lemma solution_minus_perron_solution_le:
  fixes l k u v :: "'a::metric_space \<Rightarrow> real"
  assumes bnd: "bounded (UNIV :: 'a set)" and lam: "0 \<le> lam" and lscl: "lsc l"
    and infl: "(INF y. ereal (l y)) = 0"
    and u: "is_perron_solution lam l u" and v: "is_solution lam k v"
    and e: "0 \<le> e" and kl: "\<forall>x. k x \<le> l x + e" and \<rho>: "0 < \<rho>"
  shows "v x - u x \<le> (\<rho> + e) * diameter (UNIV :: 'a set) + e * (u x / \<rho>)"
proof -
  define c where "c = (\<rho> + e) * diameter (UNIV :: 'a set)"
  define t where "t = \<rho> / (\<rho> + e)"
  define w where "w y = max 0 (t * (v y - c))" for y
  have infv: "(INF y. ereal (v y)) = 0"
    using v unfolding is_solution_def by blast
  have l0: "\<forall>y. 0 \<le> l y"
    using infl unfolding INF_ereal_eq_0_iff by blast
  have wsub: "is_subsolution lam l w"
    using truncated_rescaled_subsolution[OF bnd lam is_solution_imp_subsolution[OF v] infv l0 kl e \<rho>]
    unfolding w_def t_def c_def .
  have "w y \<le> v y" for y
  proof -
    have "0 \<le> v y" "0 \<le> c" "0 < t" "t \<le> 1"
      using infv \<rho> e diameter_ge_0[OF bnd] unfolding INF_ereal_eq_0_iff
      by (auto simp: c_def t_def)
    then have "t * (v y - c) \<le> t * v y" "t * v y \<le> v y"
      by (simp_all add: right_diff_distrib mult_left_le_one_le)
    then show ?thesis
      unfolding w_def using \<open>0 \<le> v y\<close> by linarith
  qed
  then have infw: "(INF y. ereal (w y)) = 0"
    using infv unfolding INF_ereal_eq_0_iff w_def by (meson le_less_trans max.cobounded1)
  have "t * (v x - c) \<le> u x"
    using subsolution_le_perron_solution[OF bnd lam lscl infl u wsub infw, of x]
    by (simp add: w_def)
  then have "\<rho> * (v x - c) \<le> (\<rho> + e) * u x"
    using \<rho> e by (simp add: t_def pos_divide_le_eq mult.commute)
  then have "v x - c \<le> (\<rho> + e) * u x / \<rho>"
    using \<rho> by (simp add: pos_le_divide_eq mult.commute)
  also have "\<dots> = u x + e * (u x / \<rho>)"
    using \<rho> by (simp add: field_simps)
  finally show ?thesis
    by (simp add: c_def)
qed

....................

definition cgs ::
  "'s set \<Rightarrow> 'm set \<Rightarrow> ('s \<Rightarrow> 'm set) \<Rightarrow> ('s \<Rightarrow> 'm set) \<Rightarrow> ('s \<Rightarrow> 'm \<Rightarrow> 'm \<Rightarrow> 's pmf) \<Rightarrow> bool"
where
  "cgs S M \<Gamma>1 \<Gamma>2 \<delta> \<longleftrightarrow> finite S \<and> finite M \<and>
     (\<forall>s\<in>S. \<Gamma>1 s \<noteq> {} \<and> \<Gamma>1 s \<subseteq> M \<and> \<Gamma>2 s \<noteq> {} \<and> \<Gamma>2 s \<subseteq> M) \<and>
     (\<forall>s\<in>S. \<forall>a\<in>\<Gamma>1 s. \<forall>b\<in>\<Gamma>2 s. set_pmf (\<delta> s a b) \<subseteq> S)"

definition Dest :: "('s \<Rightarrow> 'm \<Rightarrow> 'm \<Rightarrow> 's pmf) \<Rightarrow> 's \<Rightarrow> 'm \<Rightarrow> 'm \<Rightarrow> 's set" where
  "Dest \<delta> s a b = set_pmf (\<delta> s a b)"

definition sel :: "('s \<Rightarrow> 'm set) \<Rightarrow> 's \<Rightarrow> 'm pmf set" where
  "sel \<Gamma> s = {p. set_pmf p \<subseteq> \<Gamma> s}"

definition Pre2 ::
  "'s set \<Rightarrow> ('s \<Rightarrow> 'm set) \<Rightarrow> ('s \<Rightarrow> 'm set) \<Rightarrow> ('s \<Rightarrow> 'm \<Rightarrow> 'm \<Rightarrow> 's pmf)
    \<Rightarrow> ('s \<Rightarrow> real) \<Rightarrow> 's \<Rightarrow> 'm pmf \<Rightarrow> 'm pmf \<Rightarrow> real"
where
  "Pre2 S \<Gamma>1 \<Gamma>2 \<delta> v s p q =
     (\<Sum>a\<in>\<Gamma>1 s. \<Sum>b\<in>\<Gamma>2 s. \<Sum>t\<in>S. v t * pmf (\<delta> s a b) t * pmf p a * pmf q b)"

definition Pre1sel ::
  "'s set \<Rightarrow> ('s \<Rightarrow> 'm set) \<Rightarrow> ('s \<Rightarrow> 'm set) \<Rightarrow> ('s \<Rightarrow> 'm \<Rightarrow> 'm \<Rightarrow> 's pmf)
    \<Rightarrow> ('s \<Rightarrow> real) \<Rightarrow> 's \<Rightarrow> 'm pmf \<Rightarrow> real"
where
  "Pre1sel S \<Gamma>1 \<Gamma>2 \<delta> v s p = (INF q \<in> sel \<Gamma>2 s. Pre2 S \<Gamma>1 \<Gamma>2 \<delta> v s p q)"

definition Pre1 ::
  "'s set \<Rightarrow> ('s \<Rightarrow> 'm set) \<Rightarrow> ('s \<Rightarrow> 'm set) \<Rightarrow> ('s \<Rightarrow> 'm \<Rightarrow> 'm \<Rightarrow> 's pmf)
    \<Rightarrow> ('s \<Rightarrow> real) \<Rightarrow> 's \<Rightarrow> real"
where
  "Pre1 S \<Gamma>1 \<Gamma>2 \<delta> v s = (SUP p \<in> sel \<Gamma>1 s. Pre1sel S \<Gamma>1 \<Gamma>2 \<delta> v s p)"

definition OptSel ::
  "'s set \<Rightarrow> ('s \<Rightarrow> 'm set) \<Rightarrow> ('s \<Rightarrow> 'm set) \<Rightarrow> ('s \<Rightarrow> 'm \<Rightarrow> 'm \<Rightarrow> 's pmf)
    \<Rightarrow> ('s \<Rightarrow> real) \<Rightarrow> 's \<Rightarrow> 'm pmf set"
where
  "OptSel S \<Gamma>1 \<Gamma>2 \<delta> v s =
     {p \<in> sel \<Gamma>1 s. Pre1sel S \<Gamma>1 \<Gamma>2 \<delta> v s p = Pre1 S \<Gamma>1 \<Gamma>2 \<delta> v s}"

....................

- Directions for this task -
Only lines of the material that contain the word "wsub" belong in the answer; copy each one.

- Reply to the task -
  have wsub: "is_subsolution lam l w"
    using subsolution_le_perron_solution[OF bnd lam lscl infl u wsub infw, of x]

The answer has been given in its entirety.